Seventeen years old, in the United States of America.

GLENN: Johnnie wrote the book Defying ISIS. It's available in bookstores everywhere and also on Amazon.com, but something that everyone should read. And, Johnnie, I sure appreciate everything you're doing. If you want to contact him. He's fantastic at speaking at church and everywhere else. DefyingISIS.com is where they reach you?

JOHNNIE: That's where it is.

GLENN: Okay. Johnnie, thank you very much. I appreciate it.
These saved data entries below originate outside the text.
lemma moment_bound_of_negative_drift:
  assumes P: "prob_space M" and Vm[measurable]: "V \<in> borel_measurable M"
    and s: "\<bar>s\<bar> = 1" and r: "r \<ge> 0" and a: "a > 0" and b: "b > 0" and d: "d > 0"
    and tail: "exp_tail M (\<lambda>x. s * V x - r) a b"
    and drift: "integrable M V \<Longrightarrow> s * (\<integral>x. V x \<partial>M) \<le> r - d"
    and \<alpha>: "0 < \<alpha>" "\<alpha> < drift_rate a b d"
  shows "(\<integral>\<^sup>+x. ennreal (exp (\<alpha> * \<bar>V x\<bar>)) \<partial>M)
           \<le> ennreal (exp (\<alpha> * r) * (1 - \<alpha> * d / 2) + moment_const a b (b / 2))"
proof -
  interpret prob_space M by (rule P)
  define W where "W x = s * V x - r" for x
  define c where "c = b / 2"
  define K where "K = moment_const a b c"
  have Wm[measurable]: "W \<in> borel_measurable M" unfolding W_def by measurable
  have c: "c > 0" and K: "K > 0" using a b moment_const_pos[of a c b] by (auto simp: c_def K_def)
  have \<alpha>_c: "\<alpha> \<le> c / 2" and \<alpha>_d: "\<alpha> < 1 / d" and \<alpha>_K: "\<alpha> \<le> d * c\<^sup>2 / (32 * K)"
    using \<alpha> by (auto simp: drift_rate_def c_def K_def)
  have "0 \<le> c" "c < b" using b by (auto simp: c_def)
  hence mom: "(\<integral>\<^sup>+x. ennreal (exp (c * \<bar>W x\<bar>)) \<partial>M) \<le> ennreal K"
    unfolding K_def by (rule exp_moment_from_tail[OF P Wm a b _ _ tail[folded W_def]])
  have "s * s = 1" using s abs_mult_self_eq[of s] by simp
  hence V_eq: "V x = s * (W x + r)" for x
    by (simp add: W_def ring_distribs mult.assoc[symmetric])
  have "integrable M (\<lambda>x. s * (W x + r))"
    using integrable_of_exp_moment(2)[OF P Wm c less_imp_le[OF K] mom] by auto
  hence "integrable M V" by (simp only: V_eq[symmetric])
  hence EW: "(\<integral>x. W x \<partial>M) \<le> - d"
    using drift by (simp add: W_def prob_space)
  have mgf: "(\<integral>\<^sup>+x. ennreal (exp (\<alpha> * W x)) \<partial>M) \<le> ennreal (1 - \<alpha> * d / 2)"
    by (rule mgf_bound_of_negative_drift[OF P Wm c K mom EW \<alpha>(1) \<alpha>_c \<alpha>_K])
  have "(\<integral>\<^sup>+x. ennreal (exp (\<alpha> * \<bar>W x\<bar>)) \<partial>M) \<le> (\<integral>\<^sup>+x. ennreal (exp (c * \<bar>W x\<bar>)) \<partial>M)"
    using \<alpha> \<alpha>_c c by (intro nn_integral_mono ennreal_leI) (simp add: mult_right_mono)
  hence abs_mom: "(\<integral>\<^sup>+x. ennreal (exp (\<alpha> * \<bar>W x\<bar>)) \<partial>M) \<le> ennreal K"
    using mom by simp
  have pos: "0 \<le> 1 - \<alpha> * d / 2" using \<alpha>_d d \<alpha> by (simp add: field_simps)
  have "(\<integral>\<^sup>+x. ennreal (exp (\<alpha> * \<bar>V x\<bar>)) \<partial>M)
      \<le> ennreal (exp (\<alpha> * r)) * ennreal (1 - \<alpha> * d / 2) + ennreal K"
    using nn_integral_exp_abs_split[OF Vm s r less_imp_le[OF \<alpha>(1)], folded W_def] mgf abs_mom
    by (meson add_mono mult_left_mono order_trans zero_le)
  also have "\<dots> = ennreal (exp (\<alpha> * r) * (1 - \<alpha> * d / 2) + K)"
    using pos K by (simp add: ennreal_mult ennreal_plus)
  finally show ?thesis by (simp add: K_def c_def)
qed

text \<open>The
  centring \<open>W = sgn \<theta> \<cdot> V - |\<theta>|\<close> satisfies \<open>|W| = |V - \<theta>|\<close>.\<close>
lemma uniform_moment_bound_of_drift:
  fixes M :: "real \<Rightarrow> 'a measure" and V :: "real \<Rightarrow> 'a \<Rightarrow> real"
  assumes prob: "\<And>\<theta>. prob_space (M \<theta>)" and meas: "\<And>\<theta>. V \<theta> \<in> borel_measurable (M \<theta>)"
    and k: "k \<ge> 0" and a: "a > 0" and b: "b > 0" and d: "d > 0"
    and tail: "\<And>\<theta>. \<bar>\<theta>\<bar> > k \<Longrightarrow> exp_tail (M \<theta>) (\<lambda>x. V \<theta> x - \<theta>) a b"
    and drift: "\<And>\<theta>. \<bar>\<theta>\<bar> > k \<Longrightarrow> integrable (M \<theta>) (V \<theta>) \<Longrightarrow> sgn \<theta> * (\<integral>x. V \<theta> x \<partial>M \<theta>) \<le> \<bar>\<theta>\<bar> - d"
  shows "\<exists>\<alpha>0>0. \<forall>\<alpha>. 0 < \<alpha> \<and> \<alpha> < \<alpha>0 \<longrightarrow> (\<exists>K>0. \<forall>\<theta>. \<bar>\<theta>\<bar> > k \<longrightarrow>
           (\<integral>\<^sup>+x. ennreal (exp (\<alpha> * \<bar>V \<theta> x\<bar>)) \<partial>M \<theta>) \<le> ennreal (exp (\<alpha> * \<bar>\<theta>\<bar>) * (1 - \<alpha> * d / 2) + K))"
proof -
  have bound: "(\<integral>\<^sup>+x. ennreal (exp (\<alpha> * \<bar>V \<theta> x\<bar>)) \<partial>M \<theta>)
      \<le> ennreal (exp (\<alpha> * \<bar>\<theta>\<bar>) * (1 - \<alpha> * d / 2) + moment_const a b (b / 2))"
    if \<alpha>: "0 < \<alpha>" "\<alpha> < drift_rate a b d" and \<theta>: "\<bar>\<theta>\<bar> > k" for \<alpha> \<theta> :: real
  proof -
    have s: "\<bar>sgn \<theta>\<bar> = 1" using \<theta> k by (auto simp: sgn_if)
    have "\<bar>sgn \<theta> * V \<theta> x - \<bar>\<theta>\<bar>\<bar> = \<bar>V \<theta> x - \<theta>\<bar>" for x
      using \<theta> k by (auto simp: sgn_if abs_if algebra_simps)
    hence "exp_tail (M \<theta>) (\<lambda>x. sgn \<theta> * V \<theta> x - \<bar>\<theta>\<bar>) a b"
      using tail[OF \<theta>] by (simp add: exp_tail_def)
    from moment_bound_of_negative_drift[OF prob meas s abs_ge_zero a b d this drift[OF \<theta>] \<alpha>]
    show ?thesis .
  qed
  moreover have "drift_rate a b d > 0" "moment_const a b (b / 2) > 0"
    using drift_rate_pos[OF a b d] moment_const_pos[OF a, of "b / 2" b] b by auto
  ultimately show ?thesis by blast
qed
JOHNNIE: Thanks for having me.

GLENN: If you are moved to action, I would ask that you would do two things: I would ask that you would go to mercuryone.org and you would end the week where we started. And that is, donate your time and anything that you have. If you have five bucks or 100 bucks, we have a 15,000-dollar donation the other day from one of our listeners.

PAT: Nice.

GLENN: And donate to mercuryone.org. We are sending supplies over and we are -- believe me, before we send anything over, we will show you everything that we're doing. We'll show you who our partners are. We're making sure it doesn't fall into the wrong hands. We're very, very careful on it. I hope to be going over with the donation. But we would like to have a staggering donation to make. And you can help us by going to mercuryone.org. Also, you can change your Facebook photo. You can change your Twitter photo. And grab something from never again is now on mercuryone.org. And then I would ask you that you would join us in this movement.
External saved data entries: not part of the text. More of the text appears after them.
(* Let $\Phi\in\mathcal{C}^2(\mathbb{R}^d)$, let $x_0,x_1\in\mathbb{R}^d$ and $R:=\max\{|x_0|,|x_1|\}>0$. Let $C:=\sup_{|x|\le 9R}|D^2\Phi(x)|$ and $C_{\rho}:=\max_{|x|\le\rho}|\nabla\Phi(x)|$. Let $t_1>0$ satisfy \[Ct_1^2e^{Ct_1^2}\le\tfrac14,\qquad t_1\le\frac{\sqrt R}{\sqrt{2C_{2R}}},\qquad t_1\le\frac{2\sqrt R}{\sqrt{C_{9R}}}\] (a bound with zero denominator being void). Then for every $0<t\le t_1$ there exists $v_0\in\mathbb{R}^d$ with $|v_0|\le4R$ such that $X_t(x_0,v_0/t)=x_1$.
   Context: $(X_t(x,v),V_t(x,v))$ denotes the solution at time $t$ of the ODE system $\dot x=v$, $\dot v=-\nabla\Phi(x)$ with initial data $(x,v)$; $D^2\Phi$ is the Hessian of $\Phi$ and $|\cdot|$ its operator norm. *)

theory Defs
  imports "HOL-Analysis.Analysis"
begin

definition C2_with :: "('a::euclidean_space \<Rightarrow> real) \<Rightarrow> ('a \<Rightarrow> 'a) \<Rightarrow> ('a \<Rightarrow> 'a \<Rightarrow>\<^sub>L 'a) \<Rightarrow> bool" where
  "C2_with Phi grad hess \<longleftrightarrow>
     (\<forall>x. (Phi has_derivative (\<lambda>h. grad x \<bullet> h)) (at x)) \<and>
     (\<forall>x. (grad has_derivative blinfun_apply (hess x)) (at x)) \<and>
     continuous_on UNIV hess"

definition newton_solution :: "('a::euclidean_space \<Rightarrow> 'a) \<Rightarrow> real \<Rightarrow> 'a \<Rightarrow> 'a \<Rightarrow> (real \<Rightarrow> 'a) \<Rightarrow> (real \<Rightarrow> 'a) \<Rightarrow> bool" where
  "newton_solution grad t x v X V \<longleftrightarrow>
     X 0 = x \<and> V 0 = v \<and>
     (\<forall>s\<in>{0..t}. (X has_vector_derivative V s) (at s within {0..t}) \<and>
                  (V has_vector_derivative - grad (X s)) (at s within {0..t}))"

end

theory Submission imports Defs begin

text \<open>
  Replace \<open>\<nabla>\<Phi>\<close> by \<open>\<psi> = \<nabla>\<Phi> \<circ> P\<close>, where \<open>P\<close> is the nearest-point projection onto the ball
  \<open>K\<close> of radius \<open>9R\<close>; \<open>\<psi>\<close> is globally \<open>C\<close>-Lipschitz and bounded by \<open>C\<^sub>9\<^sub>R\<close>.
  A solution of \<open>X'' = -\<psi>(X)\<close> with \<open>X 0 = x\<^sub>0\<close>, \<open>X t = x\<^sub>1\<close> is a fixed point of
  \<open>X \<mapsto> x\<^sub>0 + (s/t)(x\<^sub>1 - x\<^sub>0 + D X t) - D X s\<close>, where \<open>D X s = \<integral>\<^sub>0\<^sup>s (s - r) \<psi>(X r) dr\<close>.
  Since \<open>|D X s - D Y s| \<le> C s\<^sup>2 \<parallel>X - Y\<parallel>\<^sub>\<infinity> / 2\<close>, this map is a contraction once
  \<open>C t\<^sup>2 < 1\<close>. The bound \<open>|D X s| \<le> C\<^sub>9\<^sub>R t\<^sup>2/2 \<le> 2R\<close> keeps the fixed point inside \<open>K\<close>, where
  \<open>\<psi> = \<nabla>\<Phi>\<close>, and gives \<open>|t X'(0)| \<le> 4R\<close>.
\<close>

definition duhamel_term :: "('a::real_normed_vector \<Rightarrow> 'a) \<Rightarrow> (real \<Rightarrow> 'a) \<Rightarrow> real \<Rightarrow> 'a" where
  "duhamel_term F X s = integral {0..s} (\<lambda>r. (s - r) *\<^sub>R F (X r))"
Now, I have -- I have Martin Luther King's pledge that he had everybody sign when they decided to join him. We have updated it for the times. But we really have changed very little of it. And it's up on GlennBeck.com. And I want you to download that. And I want you to sign it.

I want you -- when you sign up, I want you to sign it and say, you're in. Because what's happening in Birmingham, Alabama, on 8/28 and 8/29 is the beginning of a movement. I talked about it on last night's television show. Somebody said, why don't we just get together? Why don't we all go to McKinney, Texas because there's a march with a whole bunch of -- I said, because we're not ready, that's why. We're not ready. We're not disciplined enough.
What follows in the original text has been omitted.